Copy every line in the records below that contains the word "reverse".

Stored data:
»»
lemma walk_rev [simp]: "walk F (rev xs) \<longleftrightarrow> walk F xs"
  using walk_wlen_rev by blast

lemma wlen_rev [simp]: "wlen w (rev xs) = wlen w xs"
  using walk_wlen_rev by blast

lemma walk_betw_rev: "walk_betw F x xs y \<Longrightarrow> walk_betw F y (rev xs) x"
  unfolding walk_betw_def by (auto simp: hd_rev last_rev)

lemma walk_betw_append:
  assumes "walk_betw F x xs y" "walk_betw F y ys z"
  shows "walk_betw F x (xs @ tl ys) z" "wlen w (xs @ tl ys) = wlen w xs + wlen w ys"
proof -
  have ne: "xs \<noteq> []" "ys \<noteq> []" and ends: "last xs = y" "hd ys = y"
    using assms by (auto simp: walk_betw_def walk_def)
  obtain xs' where xs: "xs = xs' @ [y]"
    using append_butlast_last_id[OF ne(1)] ends(1) by metis
  obtain ys' where ys: "ys = y # ys'"
    using list.collapse[OF ne(2)] ends(2) by metis
  have "walk F (xs' @ [y])" "hd (xs' @ [y]) = x"
    using assms(1) unfolding xs walk_betw_def by simp_all
  moreover have "walk F (y # ys')" "last (y # ys') = z"
    using assms(2) unfolding ys walk_betw_def by simp_all
  ultimately show "walk_betw F x (xs @ tl ys) z"
    unfolding xs ys walk_betw_def by (simp add: walk_append_Cons[of F xs' y ys'] hd_append split: if_splits)
  show "wlen w (xs @ tl ys) = wlen w xs + wlen w ys"
    by (simp add: xs ys wlen_append_Cons[of w xs' y ys'])
qed

lemma walk_take: "walk F xs \<Longrightarrow> 0 < n \<Longrightarrow> walk F (take n xs)"
  by (auto simp: walk_def)

lemma walk_drop: "walk F xs \<Longrightarrow> n < length xs \<Longrightarrow> walk F (drop n xs)"
  unfolding walk_def by (simp add: less_diff_conv)

lemma walk_remove_edge: "walk F xs \<Longrightarrow> x \<notin> set xs \<Longrightarrow> x \<in> e \<Longrightarrow> walk (F - {e}) xs"
  by (induction xs rule: induct_list012) auto

lemma wlen_take_Suc_split:
  assumes "i \<le> j" "j < length xs"
  shows "wlen w (take (Suc j) xs) = wlen w (take (Suc i) xs) + wlen w (drop i (take (Suc j) xs))"
proof -
  define ys where "ys = take (Suc j) xs"
  have i: "i < length ys"
    using assms unfolding ys_def by simp
  have "wlen w ys = wlen w (take i ys @ [ys ! i]) + wlen w (ys ! i # drop (Suc i) ys)"
    using id_take_nth_drop[OF i] wlen_append_Cons by metis
  moreover have "take i ys @ [ys ! i] = take (Suc i) xs"
    using take_Suc_conv_app_nth[OF i] assms(1) unfolding ys_def by (simp add: min_def)
  ultimately show ?thesis
    using Cons_nth_drop_Suc[OF i] unfolding ys_def by simp
qed

lemma walk_betw_drop_take:
  assumes "walk F xs" "i \<le> j" "j < length xs"
  shows "walk_betw F (xs ! i) (drop i (take (Suc j) xs)) (xs ! j)"
  using assms walk_drop[OF walk_take[OF assms(1)], of "Suc j" i]
  by (simp add: walk_betw_def hd_drop_conv_nth last_drop last_conv_nth)

lemma gdist_le_wlen: "walk_betw F x xs y \<Longrightarrow> gdist F w x y \<le> wlen w xs"
  unfolding gdist_def by (rule Least_le) auto

lemma gdist_attained: "walk_betw F x xs y \<Longrightarrow> \<exists>ys. walk_betw F x ys y \<and> wlen w ys = gdist F w x y"
  unfolding gdist_def by (rule LeastI_ex) auto

lemma gdist_commute: "gdist F w x y = gdist F w y x"
proof -
  have reverse: "\<exists>xs. walk_betw F b xs a \<and> wlen w xs = d" if "walk_betw F a xs b" "wlen w xs = d" for a b xs d
    using walk_betw_rev[OF that(1)] that(2) by (intro exI[of _ "rev xs"]) simp
  have rev_walks: "(\<exists>xs. walk_betw F x xs y \<and> wlen w xs = d) \<longleftrightarrow> (\<exists>xs. walk_betw F y xs x \<and> wlen w xs = d)" for d
    using reverse by blast
  show ?thesis
    unfolding gdist_def rev_walks ..
qed

lemma gdist_self [simp]: "gdist F w x x = 0"
  using gdist_le_wlen[of F x "[x]" x w] by (simp add: walk_betw_def)

lemma gdist_edge_le: "{x, y} \<in> F \<Longrightarrow> gdist F w x y \<le> w {x, y}"
  using gdist_le_wlen[of F x "[x, y]" y w] by (simp add: walk_betw_def)

section \<open>Paths in weighted trees\<close>

locale weighted_tree =
  fixes V :: "'v set" and F :: "'v set set" and w :: "'v set \<Rightarrow> nat"
  assumes edges: "e \<in> F \<Longrightarrow> e \<subseteq> V \<and> card e = 2"
    and weights_pos: "e \<in> F \<Longrightarrow> 0 < w e"
    and connected: "connected_on V F"
    and acyclic: "acyclic_edges F"
begin

abbreviation \<delta> where "\<delta> \<equiv> gdist F w"

lemma edge_ends_distinct: "{x, y} \<in> F \<Longrightarrow> x \<noteq> y"
  using edges by fastforce

lemma edge_ends_in_V: "{x, y} \<in> F \<Longrightarrow> x \<in> V \<and> y \<in> V"
  using edges by blast

lemma wlen_pos: "walk F xs \<Longrightarrow> 2 \<le> length xs \<Longrightarrow> 0 < wlen w xs"
  by (cases xs rule: remdups_adj.cases) (auto simp: weights_pos)

lemma shortest_walk_exists: "x \<in> V \<Longrightarrow> y \<in> V \<Longrightarrow> \<exists>xs. walk_betw F x xs y \<and> wlen w xs = \<delta> x y"
  using connected gdist_attained unfolding connected_on_def by metis

lemma gdist_triangle:
  assumes "x \<in> V" "y \<in> V" "z \<in> V"
  shows "\<delta> x z \<le> \<delta> x y + \<delta> y z"
proof -
  obtain xs ys where "walk_betw F x xs y" "wlen w xs = \<delta> x y" "walk_betw F y ys z" "wlen w ys = \<delta> y z"
    using shortest_walk_exists assms by metis
  then show ?thesis
    using walk_betw_append gdist_le_wlen by metis
qed

lemma gdist_eq_0_imp_eq:
  assumes "x \<in> V" "y \<in> V" "\<delta> x y = 0"
  shows "x = y"
proof -
  obtain xs where xs: "walk_betw F x xs y" "wlen w xs = 0"
    using shortest_walk_exists assms by metis
  then have "length xs < 2"
    using wlen_pos unfolding walk_betw_def by fastforce
  moreover have "xs \<noteq> []"
    using xs unfolding walk_betw_def walk_def by blast
  ultimately obtain z where "xs = [z]"
    by (cases xs rule: remdups_adj.cases) auto
  then show ?thesis
    using xs unfolding walk_betw_def by auto
qed

lemma gdist_le_wlen_take_diff:
  assumes "walk F xs" "i \<le> j" "j < length xs"
  shows "\<delta> (xs ! i) (xs ! j) + wlen w (take (Suc i) xs) \<le> wlen w (take (Suc j) xs)"
  using gdist_le_wlen[OF walk_betw_drop_take[OF assms]] wlen_take_Suc_split[OF assms(2,3)] by simp

lemma wlen_take_strict_mono:
  assumes "walk F xs" "i < j" "j < length xs"
  shows "wlen w (take (Suc i) xs) < wlen w (take (Suc j) xs)"
proof -
  have "walk_betw F (xs ! i) (drop i (take (Suc j) xs)) (xs ! j)"
    using walk_betw_drop_take[OF assms(1) _ assms(3)] assms(2) by simp
  then have "0 < wlen w (drop i (take (Suc j) xs))"
    using wlen_pos assms(2,3) unfolding walk_betw_def by simp
  then show ?thesis
    using wlen_take_Suc_split[of i j xs w] assms(2,3) by simp
qed

lemma shortest_walk_distinct:
  assumes xs: "walk_betw F x xs y" "wlen w xs = \<delta> x y"
  shows "distinct xs"
proof (rule ccontr)
  assume "\<not> distinct xs"
  then obtain as c bs cs where split: "xs = as @ c # (bs @ c # cs)"
    using not_distinct_decomp by fastforce
  define loop where "loop = (c # bs) @ [c]"
  have walks: "walk F (as @ [c])" "walk F loop" "walk F (c # cs)"
    using xs(1) walk_append_Cons[of F as c "bs @ c # cs"] walk_append_Cons[of F "c # bs" c cs]
    unfolding split walk_betw_def loop_def by auto
  have len: "wlen w xs = wlen w (as @ [c]) + wlen w loop + wlen w (c # cs)"
    using wlen_append_Cons[of w as c "bs @ c # cs"] wlen_append_Cons[of w "c # bs" c cs]
    unfolding split loop_def by simp
  have "0 < wlen w loop"
    using wlen_pos walks(2) unfolding loop_def by simp
  moreover have "walk_betw F x (as @ c # cs) y"
    using xs(1) walks walk_append_Cons[of F as c cs] unfolding split walk_betw_def
    by (cases as; cases cs) auto
  ultimately show False
    using gdist_le_wlen[of F x "as @ c # cs" y w] wlen_append_Cons[of w as c cs] len xs(2)
    by linarith
qed

lemma distinct_walk_unique:
  assumes "walk F xs" "walk F ys" "distinct xs" "distinct ys" "hd xs = hd ys" "last xs = last ys"
  shows "xs = ys"
  using assms
proof (induction xs arbitrary: ys rule: induct_list012)
  case (2 x)
  then obtain ys' where ys: "ys = x # ys'"
    by (cases ys) (auto simp: walk_def)
  have "ys' = []"
  proof (rule ccontr)
    assume "ys' \<noteq> []"
    then have "last ys \<in> set ys'"
      using ys by simp
    with 2 ys show False by simp
  qed
  with ys show ?case by simp
next
  case (3 x x' xs)
  have "ys \<noteq> [x]"
    using "3.prems"(3,6) last_in_set[of "x' # xs"] by auto
  then obtain y' ys' where ys: "ys = x # y' # ys'"
    using "3.prems"(2,5) by (cases ys rule: remdups_adj.cases) (auto simp: walk_def)
  show ?case
  proof (cases "y' = x'")
    case True
    then show ?thesis
      using "3.IH"(2)[of "y' # ys'"] "3.prems" ys by auto
  next
    case False
    define e where "e = {x, x'}"
    have "e \<in> F"
      using "3.prems"(1) unfolding e_def by simp
    have "walk (F - {e}) (x # y' # ys')"
      using "3.prems"(2,4) walk_remove_edge[of F "y' # ys'" x e] False
      unfolding ys e_def by (auto simp: doubleton_eq_iff)
    moreover have "walk (F - {e}) (x' # xs)"
      using "3.prems"(1,3) walk_remove_edge[of F "x' # xs" x e] unfolding e_def by simp
    then have "walk (F - {e}) (rev (x' # xs))"
      unfolding walk_rev .
    moreover have "hd (rev (x' # xs)) = last ys" "last (rev (x' # xs)) = x'"
      using "3.prems"(6) unfolding hd_rev last_rev by simp_all
    ultimately have "walk_betw (F - {e}) x (x # y' # ys') (last ys)"
      and "walk_betw (F - {e}) (last ys) (rev (x' # xs)) x'"
      unfolding ys walk_betw_def by simp_all
    then have "\<exists>zs. walk_betw (F - {e}) x zs x'"
      by (blast intro: walk_betw_append(1))
    then show ?thesis
      using acyclic \<open>e \<in> F\<close> unfolding acyclic_edges_def e_def by blast
  qed
qed auto

lemma shortest_walk_through:
  assumes "A \<in> V" "B \<in> V" "c \<in> V"
    and W: "walk_betw F A W B" "wlen w W = \<delta> A B"
    and c: "\<delta> A c + \<delta> c B = \<delta> A B"
  shows "\<exists>i<length W. W ! i = c \<and> wlen w (take (Suc i) W) = \<delta> A c"
proof -
  obtain W1 W2 where W1: "walk_betw F A W1 c" "wlen w W1 = \<delta> A c"
    and W2: "walk_betw F c W2 B" "wlen w W2 = \<delta> c B"
    using shortest_walk_exists assms(1-3) by metis
  have "W1 @ tl W2 = W"
  proof (rule distinct_walk_unique)
    show "walk F (W1 @ tl W2)" "hd (W1 @ tl W2) = hd W" "last (W1 @ tl W2) = last W"
      using walk_betw_append(1)[OF W1(1) W2(1)] W(1) unfolding walk_betw_def by auto
    show "distinct (W1 @ tl W2)"
      using shortest_walk_distinct walk_betw_append[OF W1(1) W2(1)] W1(2) W2(2) c by metis
    show "walk F W" "distinct W"
      using W shortest_walk_distinct unfolding walk_betw_def by blast+
  qed
  moreover have "W1 \<noteq> []" "last W1 = c"
    using W1 unfolding walk_betw_def walk_def by blast+
  ultimately have "W ! (length W1 - 1) = c" "take (Suc (length W1 - 1)) W = W1" "length W1 - 1 < length W"
    by (cases W1; auto simp: nth_append last_conv_nth)+
  with W1(2) show ?thesis
    by metis
qed

lemma geodesic_ordered:
  assumes "A \<in> V" "B \<in> V" "c \<in> V" "u \<in> V"
    and "\<delta> A c + \<delta> c B = \<delta> A B" "\<delta> A u + \<delta> u B = \<delta> A B" "\<delta> A c \<le> \<delta> A u"
  shows "\<delta> A c + \<delta> c u \<le> \<delta> A u"
proof -
  obtain W where W: "walk_betw F A W B" "wlen w W = \<delta> A B"
    using shortest_walk_exists assms by blast
  then have "walk F W"
    unfolding walk_betw_def by blast
  obtain i j where i: "i < length W" "W ! i = c" "wlen w (take (Suc i) W) = \<delta> A c"
    and j: "j < length W" "W ! j = u" "wlen w (take (Suc j) W) = \<delta> A u"
    using shortest_walk_through[OF assms(1,2) _ W] assms(3-6) by metis
  have "i \<le> j"
    using wlen_take_strict_mono[OF \<open>walk F W\<close> _ i(1), of j] i(3) j(3) assms(7) by linarith
  then show ?thesis
    using gdist_le_wlen_take_diff[OF \<open>walk F W\<close> _ j(1), of i] i j by simp
qed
««
ANSWER AREA:
  have reverse: "\<exists>xs. walk_betw F b xs a \<and> wlen w xs = d" if "walk_betw F a xs b" "wlen w xs = d" for a b xs d
    using reverse by blast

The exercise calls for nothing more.